Collect the lines of the entries where "dots" shows up.

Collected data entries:

..............................

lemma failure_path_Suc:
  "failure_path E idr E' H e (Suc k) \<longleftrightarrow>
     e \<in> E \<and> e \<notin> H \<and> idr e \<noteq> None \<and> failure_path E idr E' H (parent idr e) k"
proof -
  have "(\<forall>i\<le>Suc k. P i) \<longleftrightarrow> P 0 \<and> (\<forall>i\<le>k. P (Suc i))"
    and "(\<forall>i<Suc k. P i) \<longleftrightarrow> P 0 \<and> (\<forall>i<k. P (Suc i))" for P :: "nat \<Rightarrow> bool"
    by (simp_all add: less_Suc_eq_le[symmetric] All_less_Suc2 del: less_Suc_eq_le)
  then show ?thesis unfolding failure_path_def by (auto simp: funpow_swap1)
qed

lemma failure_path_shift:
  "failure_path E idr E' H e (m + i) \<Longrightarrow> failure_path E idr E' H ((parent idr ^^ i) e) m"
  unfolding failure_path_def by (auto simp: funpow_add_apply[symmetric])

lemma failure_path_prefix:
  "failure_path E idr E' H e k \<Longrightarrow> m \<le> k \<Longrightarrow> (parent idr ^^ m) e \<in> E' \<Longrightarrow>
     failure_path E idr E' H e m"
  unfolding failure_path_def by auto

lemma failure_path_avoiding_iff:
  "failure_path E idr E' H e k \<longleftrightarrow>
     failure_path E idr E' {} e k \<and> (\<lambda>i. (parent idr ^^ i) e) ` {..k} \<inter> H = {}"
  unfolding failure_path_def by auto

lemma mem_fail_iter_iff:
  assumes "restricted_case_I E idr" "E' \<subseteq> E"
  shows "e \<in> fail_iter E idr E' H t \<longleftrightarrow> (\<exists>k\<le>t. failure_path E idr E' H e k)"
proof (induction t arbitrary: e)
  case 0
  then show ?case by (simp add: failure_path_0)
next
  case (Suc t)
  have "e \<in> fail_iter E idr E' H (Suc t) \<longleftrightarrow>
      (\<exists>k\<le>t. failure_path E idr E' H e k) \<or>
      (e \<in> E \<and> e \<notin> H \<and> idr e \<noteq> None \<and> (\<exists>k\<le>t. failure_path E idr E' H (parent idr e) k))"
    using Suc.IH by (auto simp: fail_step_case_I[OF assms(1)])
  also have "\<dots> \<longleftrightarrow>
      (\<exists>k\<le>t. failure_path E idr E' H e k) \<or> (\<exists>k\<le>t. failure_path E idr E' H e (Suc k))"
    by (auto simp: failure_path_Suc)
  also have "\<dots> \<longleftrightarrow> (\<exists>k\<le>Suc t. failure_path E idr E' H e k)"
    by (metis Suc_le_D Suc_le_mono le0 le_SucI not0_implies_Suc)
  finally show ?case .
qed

..............................

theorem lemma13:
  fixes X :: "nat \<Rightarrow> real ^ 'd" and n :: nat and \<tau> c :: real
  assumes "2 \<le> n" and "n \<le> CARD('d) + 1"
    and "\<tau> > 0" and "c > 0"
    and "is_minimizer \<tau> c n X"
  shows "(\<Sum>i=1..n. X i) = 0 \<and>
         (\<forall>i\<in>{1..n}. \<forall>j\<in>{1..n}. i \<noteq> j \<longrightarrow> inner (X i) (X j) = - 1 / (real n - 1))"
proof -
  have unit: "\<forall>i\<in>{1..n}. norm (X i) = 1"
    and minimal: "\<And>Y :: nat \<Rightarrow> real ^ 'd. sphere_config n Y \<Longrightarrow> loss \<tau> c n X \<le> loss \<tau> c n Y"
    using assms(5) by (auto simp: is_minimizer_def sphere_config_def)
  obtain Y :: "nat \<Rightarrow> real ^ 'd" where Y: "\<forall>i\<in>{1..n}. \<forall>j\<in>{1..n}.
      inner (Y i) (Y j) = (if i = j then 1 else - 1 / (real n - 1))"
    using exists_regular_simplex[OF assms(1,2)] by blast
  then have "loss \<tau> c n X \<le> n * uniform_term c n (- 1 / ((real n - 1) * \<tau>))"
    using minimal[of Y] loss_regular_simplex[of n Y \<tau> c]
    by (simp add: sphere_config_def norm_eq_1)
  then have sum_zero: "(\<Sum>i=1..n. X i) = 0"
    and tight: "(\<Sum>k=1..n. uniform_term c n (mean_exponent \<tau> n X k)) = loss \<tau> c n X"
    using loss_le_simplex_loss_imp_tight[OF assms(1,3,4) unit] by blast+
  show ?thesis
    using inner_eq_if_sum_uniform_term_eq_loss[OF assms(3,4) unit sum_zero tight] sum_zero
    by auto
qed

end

..............................

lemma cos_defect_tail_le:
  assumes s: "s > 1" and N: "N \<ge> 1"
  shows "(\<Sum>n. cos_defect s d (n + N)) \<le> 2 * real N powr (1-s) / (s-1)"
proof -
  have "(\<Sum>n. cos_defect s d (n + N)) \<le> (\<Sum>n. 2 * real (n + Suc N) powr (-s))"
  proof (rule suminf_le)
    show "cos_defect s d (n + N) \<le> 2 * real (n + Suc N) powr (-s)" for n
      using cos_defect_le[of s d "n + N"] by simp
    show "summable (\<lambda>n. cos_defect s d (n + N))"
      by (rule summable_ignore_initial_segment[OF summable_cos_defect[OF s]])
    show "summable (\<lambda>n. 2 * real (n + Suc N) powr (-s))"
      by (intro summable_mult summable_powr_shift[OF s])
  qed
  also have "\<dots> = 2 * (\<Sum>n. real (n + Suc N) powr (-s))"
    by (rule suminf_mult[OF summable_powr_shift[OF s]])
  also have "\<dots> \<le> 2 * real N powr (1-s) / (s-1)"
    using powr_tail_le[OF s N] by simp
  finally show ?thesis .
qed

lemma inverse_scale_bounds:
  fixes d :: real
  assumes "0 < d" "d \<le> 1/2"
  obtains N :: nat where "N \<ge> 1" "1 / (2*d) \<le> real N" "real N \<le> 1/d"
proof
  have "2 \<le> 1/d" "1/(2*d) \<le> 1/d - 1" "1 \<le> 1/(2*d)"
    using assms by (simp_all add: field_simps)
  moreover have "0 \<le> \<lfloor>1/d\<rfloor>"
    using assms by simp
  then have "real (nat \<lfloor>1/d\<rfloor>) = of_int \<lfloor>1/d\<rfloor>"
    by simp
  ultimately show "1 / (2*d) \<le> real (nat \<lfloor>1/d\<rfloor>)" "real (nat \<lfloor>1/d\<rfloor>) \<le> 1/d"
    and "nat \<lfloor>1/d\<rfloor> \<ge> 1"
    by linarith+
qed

..............................

__Solution to the exercise__:
  also have "\<dots> \<longleftrightarrow>
  also have "\<dots> \<longleftrightarrow> (\<exists>k\<le>Suc t. failure_path E idr E' H e k)"
  also have "\<dots> = 2 * (\<Sum>n. real (n + Suc N) powr (-s))"
  also have "\<dots> \<le> 2 * real N powr (1-s) / (s-1)"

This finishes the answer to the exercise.